• [TASK TO COMPLETE]: All lines of the entries with "shows" in them must be listed.

━━━━━━━━

lemma path_concat:
  assumes "acyclic r" "is_path r x y xs" "is_path r y z ys"
  shows "is_path r x z (xs @ tl ys)"
    and "path_len E L (xs @ tl ys) = path_len E L xs + path_len E L ys"
proof -
  have ne: "xs \<noteq> []" "ys \<noteq> []" and join: "last xs = hd ys"
    using assms(2,3) by (auto simp: is_path_def)
  have zip: "zip (xs @ tl ys) (tl (xs @ tl ys)) = zip xs (tl xs) @ zip ys (tl ys)"
    by (rule zip_append_tl[OF ne join])
  have walk: "set (zip (xs @ tl ys) (tl (xs @ tl ys))) \<subseteq> r"
    using assms(2,3) unfolding zip by (auto simp: is_path_def)
  have "last (xs @ tl ys) = z"
    using assms(2,3) join by (cases ys) (auto simp: is_path_def)
  then show "is_path r x z (xs @ tl ys)"
    using acyclic_walk_distinct[OF assms(1) walk] walk ne assms(2) by (auto simp: is_path_def)
  show "path_len E L (xs @ tl ys) = path_len E L xs + path_len E L ys"
    unfolding path_len_def zip by simp
qed

lemma path_len_telescope:
  assumes "xs \<noteq> []" "set (zip xs (tl xs)) \<subseteq> r"
    and "\<And>a b. (a,b) \<in> r \<Longrightarrow> elen E L (a,b) = f a - f b"
  shows "path_len E L xs = f (hd xs) - f (last xs)"
proof -
  have "path_len E L xs = (\<Sum>(a,b)\<leftarrow>zip xs (tl xs). f a - f b)"
    unfolding path_len_def
    by (rule arg_cong[where f=sum_list], rule map_cong) (use assms(2,3) in auto)
  then show ?thesis using telescope_sum[OF assms(1)] by simp
qed

lemma path_len_drop:
  assumes "Suc i < length xs"
  shows "path_len E L (drop i xs) = elen E L (xs!i, xs!Suc i) + path_len E L (drop (Suc i) xs)"
proof -
  have "drop (Suc i) xs = xs!Suc i # drop (Suc (Suc i)) xs"
    using assms by (simp add: Cons_nth_drop_Suc)
  moreover have "drop i xs = xs!i # drop (Suc i) xs"
    using assms by (simp add: Cons_nth_drop_Suc)
  ultimately show ?thesis by (simp add: path_len_def)
qed

lemma potential_acyclic:
  fixes f :: "'a \<Rightarrow> real"
  assumes "\<And>a b. (a,b) \<in> r \<Longrightarrow> f b < f a"
  shows "acyclic r"
proof -
  have "f y < f x" if "(x,y) \<in> r\<^sup>+" for x y
    using that by (induction rule: trancl_induct) (auto dest: assms)
  then show ?thesis unfolding acyclic_def by blast
qed

section \<open>Unit flows and cuts\<close>

lemma network_facts:
  assumes "network V E L s0 s1"
  shows "finite V" "finite E" "E \<subseteq> V \<times> V" "\<And>u v. (u,v) \<in> E \<Longrightarrow> (v,u) \<notin> E"
    "s0 \<in> V" "s1 \<in> V" "s0 \<noteq> s1" "\<And>e. e \<in> E \<Longrightarrow> L e > 0"
  using assms unfolding network_def by (auto intro: finite_subset[of E "V \<times> V"])

lemma flow_arcs_iff:
  "(a,b) \<in> flow_arcs E Q \<longleftrightarrow> ((a,b) \<in> E \<and> Q (a,b) > 0) \<or> ((b,a) \<in> E \<and> Q (b,a) < 0)"
  by (auto simp: flow_arcs_def)

lemma flow_arcs_subset: "flow_arcs E Q \<subseteq> E \<union> E\<inverse>"
  by (auto simp: flow_arcs_def)

definition cross_flow :: "('v \<times> 'v \<Rightarrow> real) \<Rightarrow> 'v set \<Rightarrow> 'v \<times> 'v \<Rightarrow> real" where
  "cross_flow Q S e = (if fst e \<in> S then Q e else - Q e)"

lemma abs_cross_flow [simp]: "\<bar>cross_flow Q S e\<bar> = \<bar>Q e\<bar>"
  by (simp add: cross_flow_def)

text \<open>Flow conservation across cuts: summing the node balances over S shows that a unit
  s0-s1 flow sends net amount [s0 in S] - [s1 in S] out of S.\<close>

lemma unit_flow_cut:
  fixes E :: "('v \<times> 'v) set"
  assumes "finite E" "finite S" "S \<subseteq> V" "s0 \<noteq> s1" "is_unit_flow V E s0 s1 Q"
  shows "(\<Sum>e\<in>cut_edges E S. cross_flow Q S e)
           = (if s0 \<in> S then 1 else 0) - (if s1 \<in> S then 1 else 0)"
proof -
  have incident: "(\<Sum>v\<in>S. \<Sum>e\<in>{e\<in>E. g e = v}. Q e) = (\<Sum>e\<in>E. if g e \<in> S then Q e else 0)"
    for g :: "'v \<times> 'v \<Rightarrow> 'v"
  proof -
    have "(\<Sum>v\<in>S. \<Sum>e\<in>{e\<in>E. g e = v}. Q e) = (\<Sum>v\<in>S. \<Sum>e\<in>E. if g e = v then Q e else 0)"
      using assms(1) by (simp add: sum.inter_filter)
    also have "\<dots> = (\<Sum>e\<in>E. \<Sum>v\<in>S. if g e = v then Q e else 0)"
      by (rule sum.swap)
    finally show ?thesis using assms(2) by simp
  qed
  have "(if s0 \<in> S then 1 else 0) - (if s1 \<in> S then 1 else 0)
      = (\<Sum>v\<in>S. (if v = s0 then 1 else 0) - (if v = s1 then 1 else (0::real)))"
    using assms(2) by (simp add: sum_subtractf)
  also have "\<dots> = (\<Sum>v\<in>S. bvec s0 s1 v)"
    using assms(4) by (intro sum.cong) (auto simp: bvec_def)
  also have "\<dots> = (\<Sum>v\<in>S. (\<Sum>e\<in>{e\<in>E. fst e = v}. Q e) - (\<Sum>e\<in>{e\<in>E. snd e = v}. Q e))"
    using assms(3,5) unfolding is_unit_flow_def by (intro sum.cong) auto
  also have "\<dots> = (\<Sum>e\<in>E. (if fst e \<in> S then Q e else 0) - (if snd e \<in> S then Q e else 0))"
    by (simp add: sum_subtractf incident)
  also have "\<dots> = (\<Sum>e\<in>E. if e \<in> cut_edges E S then cross_flow Q S e else 0)"
    by (intro sum.cong) (auto simp: cut_edges_def cross_flow_def)
  also have "\<dots> = (\<Sum>e\<in>cut_edges E S. cross_flow Q S e)"
    using assms(1) by (simp add: sum.inter_filter cut_edges_def)
  finally show ?thesis by simp
qed

lemma arc_leaving_iff:
  "(\<exists>e\<in>cut_edges E S. 0 < cross_flow Q S e) \<longleftrightarrow> (\<exists>a b. (a,b) \<in> flow_arcs E Q \<and> a \<in> S \<and> b \<notin> S)"
proof
  assume "\<exists>e\<in>cut_edges E S. 0 < cross_flow Q S e"
  then obtain u w where "(u,w) \<in> cut_edges E S" "0 < cross_flow Q S (u,w)" by auto
  then show "\<exists>a b. (a,b) \<in> flow_arcs E Q \<and> a \<in> S \<and> b \<notin> S"
    by (cases "u \<in> S") (auto simp: cut_edges_def cross_flow_def flow_arcs_iff)
next
  assume "\<exists>a b. (a,b) \<in> flow_arcs E Q \<and> a \<in> S \<and> b \<notin> S"
  then obtain a b where "(a,b) \<in> flow_arcs E Q" "a \<in> S" "b \<notin> S" by blast
  then show "\<exists>e\<in>cut_edges E S. 0 < cross_flow Q S e"
    unfolding flow_arcs_iff
  proof (elim disjE)
    assume "(a,b) \<in> E \<and> 0 < Q (a,b)"
    then show ?thesis using \<open>a \<in> S\<close> \<open>b \<notin> S\<close>
      by (intro bexI[of _ "(a,b)"]) (auto simp: cut_edges_def cross_flow_def)
  next
    assume "(b,a) \<in> E \<and> Q (b,a) < 0"
    then show ?thesis using \<open>a \<in> S\<close> \<open>b \<notin> S\<close>
      by (intro bexI[of _ "(b,a)"]) (auto simp: cut_edges_def cross_flow_def)
  qed
qed

lemma arc_entering_iff:
  "(\<exists>e\<in>cut_edges E S. cross_flow Q S e < 0) \<longleftrightarrow> (\<exists>a b. (a,b) \<in> flow_arcs E Q \<and> a \<notin> S \<and> b \<in> S)"
proof -
  have "cut_edges E (- S) = cut_edges E S" by (auto simp: cut_edges_def)
  moreover have "e \<in> cut_edges E S \<Longrightarrow> cross_flow Q (- S) e = - cross_flow Q S e" for e
    by (auto simp: cut_edges_def cross_flow_def)
  ultimately show ?thesis
    using arc_leaving_iff[of E "- S" Q] by (metis ComplD ComplI neg_0_less_iff_less)
qed

text \<open>A vertex set that no arc of a unit flow leaves has nonpositive net outflow: if it
  contains the source it contains the sink, and if some arc enters it, it contains the
  sink but not the source.\<close>

lemma closed_set_contains_sink:
  assumes net: "network V E L s0 s1" and uf: "is_unit_flow V E s0 s1 Q" and "S \<subseteq> V"
    and closed: "\<And>a b. (a,b) \<in> flow_arcs E Q \<Longrightarrow> a \<in> S \<Longrightarrow> b \<in> S"
  shows "s0 \<in> S \<Longrightarrow> s1 \<in> S"
    and "(a,b) \<in> flow_arcs E Q \<Longrightarrow> a \<notin> S \<Longrightarrow> b \<in> S \<Longrightarrow> s0 \<notin> S \<and> s1 \<in> S"
proof -
  note nf = network_facts[OF net]
  have fin: "finite (cut_edges E S)" using nf(2) by (simp add: cut_edges_def)
  have balance: "(\<Sum>e\<in>cut_edges E S. cross_flow Q S e)
                   = (if s0 \<in> S then 1 else 0) - (if s1 \<in> S then 1 else 0)"
    using unit_flow_cut[OF nf(2) finite_subset[OF \<open>S \<subseteq> V\<close> nf(1)] \<open>S \<subseteq> V\<close> nf(7) uf] .
  have nonpos: "cross_flow Q S e \<le> 0" if "e \<in> cut_edges E S" for e
    using that closed arc_leaving_iff[of E S Q] by force
  show "s0 \<in> S \<Longrightarrow> s1 \<in> S"
    using sum_nonpos[of "cut_edges E S" "cross_flow Q S"] nonpos balance
    by (auto split: if_splits)
  assume "(a,b) \<in> flow_arcs E Q" "a \<notin> S" "b \<in> S"
  then obtain e where "e \<in> cut_edges E S" "cross_flow Q S e < 0"
    using arc_entering_iff[of E S Q] by blast
  then have "0 < (\<Sum>e\<in>cut_edges E S. - cross_flow Q S e)"
    using nonpos by (intro sum_pos2[OF fin]) auto
  then show "s0 \<notin> S \<and> s1 \<in> S"
    using balance by (auto simp: sum_negf split: if_splits)
qed

lemma coclosed_set_contains_source:
  assumes net: "network V E L s0 s1" and uf: "is_unit_flow V E s0 s1 Q" and "S \<subseteq> V"
    and coclosed: "\<And>a b. (a,b) \<in> flow_arcs E Q \<Longrightarrow> b \<in> S \<Longrightarrow> a \<in> S"
    and arc: "(a,b) \<in> flow_arcs E Q" "a \<in> S" "b \<notin> S"
  shows "s0 \<in> S"
proof -
  note nf = network_facts[OF net]
  have arcs_V: "flow_arcs E Q \<subseteq> V \<times> V"
    using flow_arcs_subset[of E Q] nf(3) by blast
  have "s0 \<notin> V - S"
  proof (rule conjunct1[OF closed_set_contains_sink(2)[OF net uf, of "V - S"]])
    show "a' \<in> V - S \<Longrightarrow> b' \<in> V - S" if "(a',b') \<in> flow_arcs E Q" for a' b'
      using that arcs_V coclosed by blast
  qed (use arc arcs_V in auto)
  then show ?thesis using nf(5) by blast
qed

━━━━━━━━

• [ANSWER AREA]:
  shows "is_path r x z (xs @ tl ys)"
  shows "path_len E L xs = f (hd xs) - f (last xs)"
  shows "path_len E L (drop i xs) = elen E L (xs!i, xs!Suc i) + path_len E L (drop (Suc i) xs)"
  shows "acyclic r"
  shows "finite V" "finite E" "E \<subseteq> V \<times> V" "\<And>u v. (u,v) \<in> E \<Longrightarrow> (v,u) \<notin> E"
text \<open>Flow conservation across cuts: summing the node balances over S shows that a unit
  shows "(\<Sum>e\<in>cut_edges E S. cross_flow Q S e)
  shows "s0 \<in> S \<Longrightarrow> s1 \<in> S"
  shows "s0 \<in> S"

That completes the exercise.